# Necessity of Tripe?



## Musicteachersheff (Mar 27, 2016)

Hello, I'm a new GSD owner and new to raw feeding. We've been feeding exclusively raw for about 6 months now. All good changes, no doggy breath, small hard stools, lots of energy, gorgeous coat and well muscled. 

We buy our food from a company called mypetcarnivore.com

We genrally buy their coarse ground or ground whole animals. We get a variety of chicken, pork, turkey, beef and when they have it, muskrat, goat, and emu. They say that their ground whole animals are a good mixture of organ vs bone vs meat. 

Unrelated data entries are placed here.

lemma ext1_scaleR: "ext1 (c *\<^sub>R v) = ext1 0 + c *\<^sub>R ctrl_lift v"
  by (simp add: vec_eq_iff ext1_def ctrl_lift_def split: option.split)

lemma ctrl_lift_eq_0_iff: "ctrl_lift v = 0 \<longleftrightarrow> v = 0"
  by (auto simp: vec_eq_iff ctrl_lift_def split: option.split)

lemma inner_ctrl_lift: "w \<bullet> ctrl_lift v = (\<chi> a. w $ Some a) \<bullet> v"
  by (simp add: inner_vec_option ctrl_lift_def)

lemma inner_ext1_0: "w \<bullet> ext1 0 = w $ None"
  by (simp add: inner_vec_option ext1_def zero_vec_def[symmetric])

lemma quadratic_form_ctrl_lift:
  "ctrl_lift v \<bullet> (S *v ctrl_lift v) = v \<bullet> ((\<chi> a b. S $ Some a $ Some b) *v v)"
proof -
  have "(\<chi> a. (S *v ctrl_lift v) $ Some a) = (\<chi> a b. S $ Some a $ Some b) *v v"
    by (simp add: vec_eq_iff matrix_vector_mult_def sum_UNIV_option ctrl_lift_def)
  then show ?thesis
    by (metis inner_commute inner_ctrl_lift)
qed

lemma quadratic_form_ext1_scaleR:
  fixes S :: "real^('m::finite option)^('m option)"
  shows "ext1 (c *\<^sub>R v) \<bullet> (S *v ext1 (c *\<^sub>R v)) =
    ext1 0 \<bullet> (S *v ext1 0) + (ext1 0 \<bullet> (S *v ctrl_lift v) + ctrl_lift v \<bullet> (S *v ext1 0)) * c
    + (ctrl_lift v \<bullet> (S *v ctrl_lift v)) * c\<^sup>2"
  by (simp add: ext1_scaleR matrix_vector_right_distrib matrix_vector_mult_scaleR
      inner_add_left inner_add_right algebra_simps power2_eq_square)

lemma outer_product_mult_vec:
  "(\<chi> a b. L $ a * L $ b) *v v = (L \<bullet> v) *\<^sub>R (L :: real^'m::finite)"
  by (simp add: vec_eq_iff matrix_vector_mult_def inner_vec_def sum_distrib_left mult_ac)

lemma Sigma_LgB_quadratic_form:
  "v \<bullet> (Sigma_LgB k xs us sn x *v v) = ctrl_lift v \<bullet> (Sigma_B k xs us sn x *v ctrl_lift v)"
  by (simp add: Sigma_LgB_def quadratic_form_ctrl_lift)

lemma tradeoff_F_quadratic_form:
  "v \<bullet> (tradeoff_F beta gradB gt k xs us zs sn x *v v) =
    beta\<^sup>2 * (v \<bullet> (Sigma_LgB k xs us sn x *v v)) - (LgB_hat gradB gt k xs us zs sn x \<bullet> v)\<^sup>2"
  by (simp add: tradeoff_F_def matrix_vector_mult_diff_rdistrib outer_product_mult_vec
      scaleR_matrix_vector_assoc[symmetric] inner_diff_right power2_eq_square inner_commute)
(* For any $X$-free ordered graph $(H,\prec)$, the graph $H$ contains no subdivision of $B_4$ as an induced subgraph.
   Context: An ordered graph is a pair $(H,\prec)$ with $H$ a finite graph and $\prec$ a linear order on $V(H)$. $X$ denotes the ordered graph on vertices $a\prec b\prec c\prec d$ with edge set exactly $\{ac,bd\}$; an ordered graph is $X$-free if no four of its vertices induce (with the restricted order) a copy of $X$. $B_4$ is the graph on vertices $s,t,x_1,x_2,x_3,y_1,y_2,y_3,z_1,z_2,z_3$ formed by the three internally disjoint paths $s x_1 x_2 x_3 t$, $s y_1 y_2 y_3 t$, $s z_1 z_2 z_3 t$ (each with $4$ edges) and no other edges. A subdivision of a graph $F$ is a graph obtained from $F$ by replacing edges of $F$ with internally disjoint paths between their ends. *)

theory Defs
  imports Main
begin

definition ordered_graph :: "'a set \<Rightarrow> ('a \<Rightarrow> 'a \<Rightarrow> bool) \<Rightarrow> ('a \<Rightarrow> 'a \<Rightarrow> bool) \<Rightarrow> bool" where
  "ordered_graph V E lt \<longleftrightarrow>
     finite V \<and> (\<forall>x y. E x y \<longrightarrow> x \<in> V \<and> y \<in> V) \<and> (\<forall>x y. E x y \<longrightarrow> E y x) \<and> (\<forall>x. \<not> E x x)
     \<and> (\<forall>x\<in>V. \<not> lt x x)
     \<and> (\<forall>x\<in>V. \<forall>y\<in>V. \<forall>z\<in>V. lt x y \<longrightarrow> lt y z \<longrightarrow> lt x z)
     \<and> (\<forall>x\<in>V. \<forall>y\<in>V. x \<noteq> y \<longrightarrow> lt x y \<or> lt y x)"

definition X_free :: "'a set \<Rightarrow> ('a \<Rightarrow> 'a \<Rightarrow> bool) \<Rightarrow> ('a \<Rightarrow> 'a \<Rightarrow> bool) \<Rightarrow> bool" where
  "X_free V E lt \<longleftrightarrow>
     \<not> (\<exists>a b c d. a \<in> V \<and> b \<in> V \<and> c \<in> V \<and> d \<in> V \<and> lt a b \<and> lt b c \<and> lt c d \<and>
          E a c \<and> E b d \<and> \<not> E a b \<and> \<not> E a d \<and> \<not> E b c \<and> \<not> E c d)"

definition path_adj :: "'a list \<Rightarrow> 'a \<Rightarrow> 'a \<Rightarrow> bool" where
  "path_adj p x y \<longleftrightarrow>
     (\<exists>i. Suc i < length p \<and> ((p ! i = x \<and> p ! Suc i = y) \<or> (p ! i = y \<and> p ! Suc i = x)))"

My husband insists that she needs some Tripe each month. I hate the smell of the stuff and wonder what it's purpose is and whether it is indeed necessary if she is getting organ meat from the ground whole animals? 

Thoughts?

Thanks!

Chris


----------



## yuriy (Dec 23, 2012)

I add tripe. I'm told there's a ton of good stuff in it. Every time I prepare food, I add approximately 1 piece of tripe to every 4 pieces of meat/bone mix. The dog loves it. And after being frozen for a while, there's really not much smell to it.


----------



## Musicteachersheff (Mar 27, 2016)

Maybe we should look for frozen pieces of tripe. Ours comes ground in a 2 pound container like the rest of the food. We put in a couple spoonfulls with each meal till it is gone which takes a few days and ends up pretty smelly. If we could get pieces that we could give to her frozen it might go better. Will look into it thanks!


----------



## GypsyGhost (Dec 29, 2014)

We get the 2 lb. containers, too. I just thaw the container, then divide it out into smaller servings, and re-freeze the small containers. I just dump a small container into my girl's food three or four times a week. Only dealing with the smell once seems easier. The small containers don't get a chance to smell "ripe", if that makes sense.


----------



## llombardo (Dec 11, 2011)

I have so many dogs that I use the 2 pound container pretty much in one day?


----------



## Shade (Feb 20, 2012)

I feed tripe several times a week, I think it's a great source of nutrients and vitamins and my dogs love it


----------



## onyx'girl (May 18, 2007)

I also feed tripe often. When Karlo was going through kidney failure it was part of his diet daily. Excellent for puppies too, as it is very balanced in the calcium and phosphorus levels.


----------